Had Pierre Drieu la Rochelle been anybody else, had he not collaborated, had he simply taken a backseat while waiting for the war to play out, I think that the message of Gilles could be seen very clearly as a rejection of antisemitism. But life is not so simple. Drieu la Rochelle was an antisemite, and what’s more, a collaborator. And this is where the cynicism of Gilles is really effective. Because it is not a moral tale, or an attempt at political justification. It’s the story of a man, and the decisions that man makes, and the guilt he feels, and the blood on his hands. As he says to Carentan “I entered this girl’s life like a thief in the night, like a murder, like a coward.” The response to which is simply that “Scruples are ugly. It’s what disfigures the criminal.”
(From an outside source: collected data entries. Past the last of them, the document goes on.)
(* Let $\mathscr{F}$ be a family of languages closed under rational transduction and Kleene closure, and let $S$ be a finitely generated completely simple semigroup. Then the following are equivalent: (i) the loop problem of $S$ (with respect to a finite semigroup choice of generators) belongs to $\mathscr{F}$; (ii) the loop problem of each maximal subgroup of $S$ (with respect to a finite choice of generators) belongs to $\mathscr{F}$; (iii) the word problem of each maximal subgroup of $S$ (with respect to a finite choice of monoid generators) belongs to $\mathscr{F}$.
   Context: Maps are written on the right. $X^*$, $X^+$: free monoid and free semigroup on $X$. A semigroup is completely simple if it has no proper ideals and has a primitive idempotent (idempotent $e$ such that every idempotent $f$ with $ef = fe = f$ equals $e$); maximal subgroups are subsemigroups that are groups under the inherited multiplication and contained in no larger such; in a finitely generated completely simple semigroup they are finitely generated. For a monoid $M$ and surjective morphism $\sigma : X^* \to M$ ($X$ finite), let $\overline{X} = \{\overline{x} : x \in X\}$ be new symbols, $\hat{X} = X \cup \overline{X}$; the loop automaton has vertex set $M$, for each $a \in M$, $x \in X$ an edge $a \to a(x\sigma)$ labelled $x$ and an edge $a(x\sigma) \to a$ labelled $\overline{x}$; the loop problem $L_\sigma(M) \subseteq \hat{X}^*$ is the set of labels of paths from the identity to the identity. For a semigroup $S$ and surjective $\sigma : X^+ \to S$, the loop problem of $S$ is the loop problem of $S^1$ ($S$ with a new identity adjoined even if one exists) with respect to the extension $X^* \to S^1$. The word problem of a group $G$ with respect to a surjective monoid morphism $\sigma : X^* \to G$ is $\{w \in X^* : w\sigma = 1\}$. A rational transduction is a relation $\rho \subseteq X^* \times Z^*$ ($X, Z$ finite) accepted by a finite directed graph with edges labelled in $X^* \times Z^*$, an initial vertex and terminal vertices (pairs labelling initial-to-terminal paths); the image of $L$ is $L\rho = \{v : (u,v)\in\rho, u \in L\}$. The Kleene closure of a language is the submonoid of the free monoid it generates. *)

theory Defs
  imports Main
begin

inductive tpath :: "(nat \<times> nat list \<times> nat list \<times> nat) set \<Rightarrow> nat \<Rightarrow> nat list \<Rightarrow> nat list \<Rightarrow> nat \<Rightarrow> bool"
  for E where
  tpath_nil: "tpath E q [] [] q"
| tpath_step: "(p, a, b, q) \<in> E \<Longrightarrow> tpath E q u v r \<Longrightarrow> tpath E p (a @ u) (b @ v) r"

definition rational_transduction :: "nat set \<Rightarrow> nat set \<Rightarrow> (nat list \<times> nat list) set \<Rightarrow> bool" where
  "rational_transduction X Z \<rho> \<longleftrightarrow>
     (\<exists>E q0 T. finite E \<and> (\<forall>(p, a, b, q) \<in> E. set a \<subseteq> X \<and> set b \<subseteq> Z) \<and>
        \<rho> = {(u, v). \<exists>t \<in> T. tpath E q0 u v t})"

definition closed_rat_trans :: "nat list set set \<Rightarrow> bool" where
  "closed_rat_trans F \<longleftrightarrow>
     (\<forall>X Z L \<rho>. finite X \<and> finite Z \<and> L \<in> F \<and> L \<subseteq> lists X \<and> rational_transduction X Z \<rho>
        \<longrightarrow> \<rho> `` L \<in> F)"

definition kleene_star :: "nat list set \<Rightarrow> nat list set" where
  "kleene_star L = {concat ws | ws. set ws \<subseteq> L}"

definition closed_kleene :: "nat list set set \<Rightarrow> bool" where
  "closed_kleene F \<longleftrightarrow> (\<forall>L \<in> F. kleene_star L \<in> F)"

definition mon_eval :: "('m \<Rightarrow> 'm \<Rightarrow> 'm) \<Rightarrow> 'm \<Rightarrow> (nat \<Rightarrow> 'm) \<Rightarrow> nat list \<Rightarrow> 'm" where
  "mon_eval mult one g w = foldr (\<lambda>x acc. mult (g x) acc) w one"

definition mon_generates :: "'m set \<Rightarrow> ('m \<Rightarrow> 'm \<Rightarrow> 'm) \<Rightarrow> 'm \<Rightarrow> nat set \<Rightarrow> (nat \<Rightarrow> 'm) \<Rightarrow> bool" where
  "mon_generates M mult one X g \<longleftrightarrow>
     finite X \<and> g ` X \<subseteq> M \<and> (\<forall>m \<in> M. \<exists>w. set w \<subseteq> X \<and> mon_eval mult one g w = m)"

text \<open>Loop automaton. Encoding of the alphabet \<open>X \<union> \<overline>X\<close>: the letter x is the
symbol 2x and the letter \<overline>x is the symbol 2x+1.\<close>
inductive loop_path :: "'m set \<Rightarrow> ('m \<Rightarrow> 'm \<Rightarrow> 'm) \<Rightarrow> nat set \<Rightarrow> (nat \<Rightarrow> 'm) \<Rightarrow> 'm \<Rightarrow> nat list \<Rightarrow> 'm \<Rightarrow> bool"
  for M mult X g where
  lp_nil: "a \<in> M \<Longrightarrow> loop_path M mult X g a [] a"
| lp_fwd: "a \<in> M \<Longrightarrow> x \<in> X \<Longrightarrow> loop_path M mult X g (mult a (g x)) w b
            \<Longrightarrow> loop_path M mult X g a ((2 * x) # w) b"
| lp_bwd: "a \<in> M \<Longrightarrow> x \<in> X \<Longrightarrow> c \<in> M \<Longrightarrow> mult c (g x) = a \<Longrightarrow> loop_path M mult X g c w b
            \<Longrightarrow> loop_path M mult X g a ((2 * x + 1) # w) b"

definition loop_problem :: "'m set \<Rightarrow> ('m \<Rightarrow> 'm \<Rightarrow> 'm) \<Rightarrow> 'm \<Rightarrow> nat set \<Rightarrow> (nat \<Rightarrow> 'm) \<Rightarrow> nat list set" where
  "loop_problem M mult one X g = {w. loop_path M mult X g one w one}"

definition word_problem :: "('m \<Rightarrow> 'm \<Rightarrow> 'm) \<Rightarrow> 'm \<Rightarrow> nat set \<Rightarrow> (nat \<Rightarrow> 'm) \<Rightarrow> nat list set" where
  "word_problem mult one X g = {w. set w \<subseteq> X \<and> mon_eval mult one g w = one}"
Although Drieu la Rochelle was a criminal, he was hardly an anomaly. Charles de Gaulle once stated that “all of France was in the resistance.” But it is equally true that “all of France collaborated.” Some moreso than others. Pierre Drieu la Rochelle moreso than most. And in the end, he paid for it with his life.

While it’s easy to look back in hindsight, Drieu la Rochelle was not different to many intellectuals throughout history. Often public figures find themselves not in the business of creating new ideas, but of explaining and rationalizing state actions. And when one state falls, they are like so many monuments which are torn down, desecrated, and forgotten.

What makes him unique among collaborators is that he was not a misanthrope like Céline, or rapid antisemites like Brasillach. He was successful, respected, and well liked by his peers; his mistake was joining the loosing side during a period of transition, and not much more than that. Looking at our own public intellectuals, there are many who advocate for genocide, regime change and war without any personal risk to themselves, and who are celebrated for it.

At least Pierre Drieu la Rochelle was not one of them.